== Entries provided ==

lemma weakly_robust_conv_family_iff:
  assumes "1 \<le> n"
  shows "weakly_robust n (conv_family m p) \<phi> \<longleftrightarrow>
    (\<exists>w::nat \<Rightarrow> real. (\<forall>i\<in>{1..n}. 0 \<le> w i) \<and> (\<exists>i\<in>{1..n}. w i \<noteq> 0) \<and>
       (\<forall>j\<in>{1..m}. (\<Sum>i\<in>{1..n}. w i * resp n i \<phi> (p j)) / (\<Sum>i\<in>{1..n}. w i) \<ge> 1/2))"
proof -
  have "weakly_robust n (conv_family m p) \<phi> \<longleftrightarrow> (\<exists>w. (\<forall>i\<in>{1..n}. 0 \<le> w i) \<and> (\<exists>i\<in>{1..n}. w i \<noteq> 0) \<and>
      (\<forall>j\<in>{1..m}. 0 \<le> (\<Sum>i\<in>{1..n}. w i * (resp n i \<phi> (p j) - 1/2))))"
    unfolding conv_family_eq_mixtures using assms by (intro weakly_robust_mixtures_iff) auto
  also have "\<dots> \<longleftrightarrow> (\<exists>w::nat \<Rightarrow> real. (\<forall>i\<in>{1..n}. 0 \<le> w i) \<and> (\<exists>i\<in>{1..n}. w i \<noteq> 0) \<and>
      (\<forall>j\<in>{1..m}. (\<Sum>i\<in>{1..n}. w i * resp n i \<phi> (p j)) / (\<Sum>i\<in>{1..n}. w i) \<ge> 1/2))"
    by (intro ex_cong1 conj_cong refl ball_cong) (subst half_weighted_average_iff(2); simp)
  finally show ?thesis .
qed

lemma robust_distributions_iff:
  assumes "1 \<le> n" "voting_rule n \<phi>"
  shows "robust n (distributions n) \<phi> \<longleftrightarrow>
    (\<exists>w::nat \<Rightarrow> real. (\<forall>i\<in>{1..n}. 0 \<le> w i) \<and> is_wmr n w \<phi> \<and> no_ties n w)"
proof -
  have "robust n (distributions n) \<phi> \<longleftrightarrow> (\<exists>w. (\<forall>i\<in>{1..n}. 0 \<le> w i) \<and> (\<exists>i\<in>{1..n}. w i \<noteq> 0) \<and>
      (\<forall>x\<in>profiles n. 0 < (\<Sum>i\<in>{1..n}. w i * (resp n i \<phi> (\<lambda>y. of_bool (y = x)) - 1/2))))"
    unfolding distributions_eq_mixtures using finite_profiles assms(1) by (rule robust_mixtures_iff)
  also have "\<dots> \<longleftrightarrow> (\<exists>w::nat \<Rightarrow> real. (\<forall>i\<in>{1..n}. 0 \<le> w i) \<and> (\<exists>i\<in>{1..n}. w i \<noteq> 0) \<and>
      (\<forall>x\<in>profiles n. 0 < of_int (\<phi> x) * (\<Sum>i\<in>{1..n}. w i * of_int (x i))))"
    by (intro ex_cong1 conj_cong refl ball_cong) (subst point_mass_advantage[OF assms(2)]; simp)
  also have "\<dots> \<longleftrightarrow> (\<exists>w::nat \<Rightarrow> real. (\<forall>i\<in>{1..n}. 0 \<le> w i) \<and> is_wmr n w \<phi> \<and> no_ties n w)"
    by (simp add: is_wmr_no_ties_iff[OF assms(2)])
  finally show ?thesis .
qed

===

Problem requirements: Return the entries in full, keeping every line exactly as it is.

Answer to this exercise:
lemma weakly_robust_conv_family_iff:
  assumes "1 \<le> n"
  shows "weakly_robust n (conv_family m p) \<phi> \<longleftrightarrow>
    (\<exists>w::nat \<Rightarrow> real. (\<forall>i\<in>{1..n}. 0 \<le> w i) \<and> (\<exists>i\<in>{1..n}. w i \<noteq> 0) \<and>
       (\<forall>j\<in>{1..m}. (\<Sum>i\<in>{1..n}. w i * resp n i \<phi> (p j)) / (\<Sum>i\<in>{1..n}. w i) \<ge> 1/2))"
proof -
  have "weakly_robust n (conv_family m p) \<phi> \<longleftrightarrow> (\<exists>w. (\<forall>i\<in>{1..n}. 0 \<le> w i) \<and> (\<exists>i\<in>{1..n}. w i \<noteq> 0) \<and>
      (\<forall>j\<in>{1..m}. 0 \<le> (\<Sum>i\<in>{1..n}. w i * (resp n i \<phi> (p j) - 1/2))))"
    unfolding conv_family_eq_mixtures using assms by (intro weakly_robust_mixtures_iff) auto
  also have "\<dots> \<longleftrightarrow> (\<exists>w::nat \<Rightarrow> real. (\<forall>i\<in>{1..n}. 0 \<le> w i) \<and> (\<exists>i\<in>{1..n}. w i \<noteq> 0) \<and>
      (\<forall>j\<in>{1..m}. (\<Sum>i\<in>{1..n}. w i * resp n i \<phi> (p j)) / (\<Sum>i\<in>{1..n}. w i) \<ge> 1/2))"
    by (intro ex_cong1 conj_cong refl ball_cong) (subst half_weighted_average_iff(2); simp)
  finally show ?thesis .
qed

lemma robust_distributions_iff:
  assumes "1 \<le> n" "voting_rule n \<phi>"
  shows "robust n (distributions n) \<phi> \<longleftrightarrow>
    (\<exists>w::nat \<Rightarrow> real. (\<forall>i\<in>{1..n}. 0 \<le> w i) \<and> is_wmr n w \<phi> \<and> no_ties n w)"
proof -
  have "robust n (distributions n) \<phi> \<longleftrightarrow> (\<exists>w. (\<forall>i\<in>{1..n}. 0 \<le> w i) \<and> (\<exists>i\<in>{1..n}. w i \<noteq> 0) \<and>
      (\<forall>x\<in>profiles n. 0 < (\<Sum>i\<in>{1..n}. w i * (resp n i \<phi> (\<lambda>y. of_bool (y = x)) - 1/2))))"
    unfolding distributions_eq_mixtures using finite_profiles assms(1) by (rule robust_mixtures_iff)
  also have "\<dots> \<longleftrightarrow> (\<exists>w::nat \<Rightarrow> real. (\<forall>i\<in>{1..n}. 0 \<le> w i) \<and> (\<exists>i\<in>{1..n}. w i \<noteq> 0) \<and>
      (\<forall>x\<in>profiles n. 0 < of_int (\<phi> x) * (\<Sum>i\<in>{1..n}. w i * of_int (x i))))"
    by (intro ex_cong1 conj_cong refl ball_cong) (subst point_mass_advantage[OF assms(2)]; simp)
  also have "\<dots> \<longleftrightarrow> (\<exists>w::nat \<Rightarrow> real. (\<forall>i\<in>{1..n}. 0 \<le> w i) \<and> is_wmr n w \<phi> \<and> no_ties n w)"
    by (simp add: is_wmr_no_ties_iff[OF assms(2)])
  finally show ?thesis .
qed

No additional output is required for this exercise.